When a repository was migrated, this cache key was untouched. This outdated reference led to cat-file
calls being issued to the old server instead of the new server. Ironically, we’ve now determined that since the cached Ruby objects did not include the Git blob data, it never generated a performance benefit of any kind. Significantly contributing to the difficulty of debugging this issue, the library we use to read Git repositories in our git service returns empty strings if the repository directory does not exist on disk, rather than an exception. Armed with a root cause -- caches containing invalid service URLs -- we discovered one other call site that could exhibit similar problematic behavior.
We changed the cache key for the problematic objects to include the URL of the service it expected. While this very targeted change is not our long term solution, it resolved the issue by effectively rotating the cache keys of any polluted objects. We feel confident that this addressed the issue. However, out of an abundance of caution, after confirming an approach that wouldn’t lead to a negative performance implications, we completely flushed the cache.
This issue surfaced a number of opportunities for improving our infrastructure, some of which we’ve already implemented and some of which we will be implementing or reviewing over the next couple weeks. These include:
Failing fast on unexpected operating conditions. If you ask our Git service for data and the relevant repository does not exist on disk, we now raise an exception, instead of returning an empty string. We’ll be auditing our service for other areas where a “fail fast” approach should be taken.
Removing the non-functional cache that made this issue so severe. As a principle, our preference is to cache either primitives or simple objects that we control. Further, attempting to cache similar kinds of data across multiple layers introduced unnecessary complexity, and we will review our infrastructure for occurrences of this.
Advancing current and future data and service migrations aggressively (or explicitly aborting them) once started. The calendar time since we began the migration to the new Git server, as well as unrelated in-progress migration to a new Git service written in Go, contributed to the long diagnosis time. We will complete both of these projects as soon as possible.
Ensuring that we do not cache failed response values. It is no longer possible for us to store empty strings in our Git cache, for example, and we are auditing our code for other places where this may be possible.
Supporting graceful deployments of backend services such that we don’t fail analyses when deploying them. While deploying fixes for this issue, we created additional collateral damage in the form of failed analyses that was avoidable with better deployment processes.
Developing better end-to-end introspection capabilities so that we are able to see a detailed log or call graph of all service invocations performed during the processing of an analysis when necessary.
Taking measures to ensure we record input and output from server maintenance tasks and shell sessions in order to be able to use that information for debugging and corrective actions should that become necessary.
Segregating responsibilities to minimize the amount of logic and service access performed in our analysis engine, which would increase our agility in rapidly deploying fixes to core components when required. This work has already began.
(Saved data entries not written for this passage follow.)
lemma bhattacharyya_dyadic_ber_third:
  fixes \<Gamma> :: "('j \<Rightarrow> bit) \<Rightarrow> bit"
  assumes D: "finite D" "card D \<le> s"
  shows "(\<Sum>b\<in>UNIV. sqrt (card {v \<in> D \<rightarrow>\<^sub>E UNIV. \<Gamma> v = b} / 2 ^ card D * ber (1/3) b))
    \<le> 1 - 1 / (72 * 4 ^ s)"
proof -
  define c where "c b = card {v \<in> D \<rightarrow>\<^sub>E UNIV. \<Gamma> v = b}" for b
  define q where "q = c 1 / 2 ^ card D"
  have sum_c: "c 0 + c 1 = (2 :: nat) ^ card D"
    using card_eq_sum_card_fibers[OF finite_bit_funcset[OF D(1)], of UNIV \<Gamma>] D
    by (simp add: c_def card_bit_funcset sum_UNIV_bit)
  then have "real (c 0) + real (c 1) = 2 ^ card D" by (metis of_nat_add of_nat_numeral of_nat_power)
  then have q0: "c 0 / 2 ^ card D = 1 - q" and q: "0 \<le> q" "q \<le> 1"
    unfolding q_def using sum_c by (simp_all add: field_simps)
  have "(\<Sum>b\<in>UNIV. sqrt (c b / 2 ^ card D * ber (1/3) b)) = sqrt (q * (1/3)) + sqrt ((1 - q) * (1 - 1/3))"
    unfolding sum_UNIV_bit ber_def q0[symmetric] unfolding q_def by (simp add: add.commute)
  also have "\<dots> \<le> 1 - (q - 1/3)\<^sup>2 / 8"
    using q by (intro sqrt_mult_add_sqrt_mult_le) simp_all
  also have "\<dots> \<le> 1 - 1 / (72 * 4 ^ s)"
  proof -
    have "1 / (3 * 2 ^ s) \<le> (1 :: real) / (3 * 2 ^ card D)"
      using D by (simp add: frac_le power_increasing)
    also have "\<dots> \<le> \<bar>q - 1/3\<bar>" unfolding q_def by (rule dyadic_dist_third_ge)
    finally have "(1 / (3 * 2 ^ s))\<^sup>2 \<le> (q - 1/3)\<^sup>2"
      using abs_le_square_iff[of "1 / (3 * 2 ^ s)" "q - 1/3"] by simp
    moreover have "(4 :: real) ^ s = (2 ^ s)\<^sup>2"
      by (simp add: power2_eq_square flip: power_mult_distrib)
    then have "(1 / (3 * 2 ^ s :: real))\<^sup>2 = 1 / (9 * 4 ^ s)"
      by (simp add: power_mult_distrib power_divide)
    ultimately show ?thesis by simp
  qed
  finally show ?thesis unfolding c_def .
qed

section \<open>The decay rate\<close>

text \<open>The rate is chosen so that \<open>gamma_rate_step\<close> pays for splitting into atoms, while still
  \<open>1 / gamma_rate s \<le> \<surd>n\<close> in the range \<open>s \<le> \<surd>(log n) / 8\<close> of the theorem.\<close>

definition gamma_rate :: "nat \<Rightarrow> real" where
  "gamma_rate s = 1 / 2 ^ (8 * (s + 1)\<^sup>2)"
We understand that people depend on Code Climate for timely, accurate static analysis of their source code. In that regard, being "online" but producing incorrect analysis results is worse than a full outage, because our value to our users is deeply connected to their ability to trust the results that we produce.
The entire Code Climate team is very sorry for the impact this has had on our customers. We are investing heavily in ensuring that an analysis issue of this magnitude does not occur again. We appreciate your continued support as we work harder to serve you better!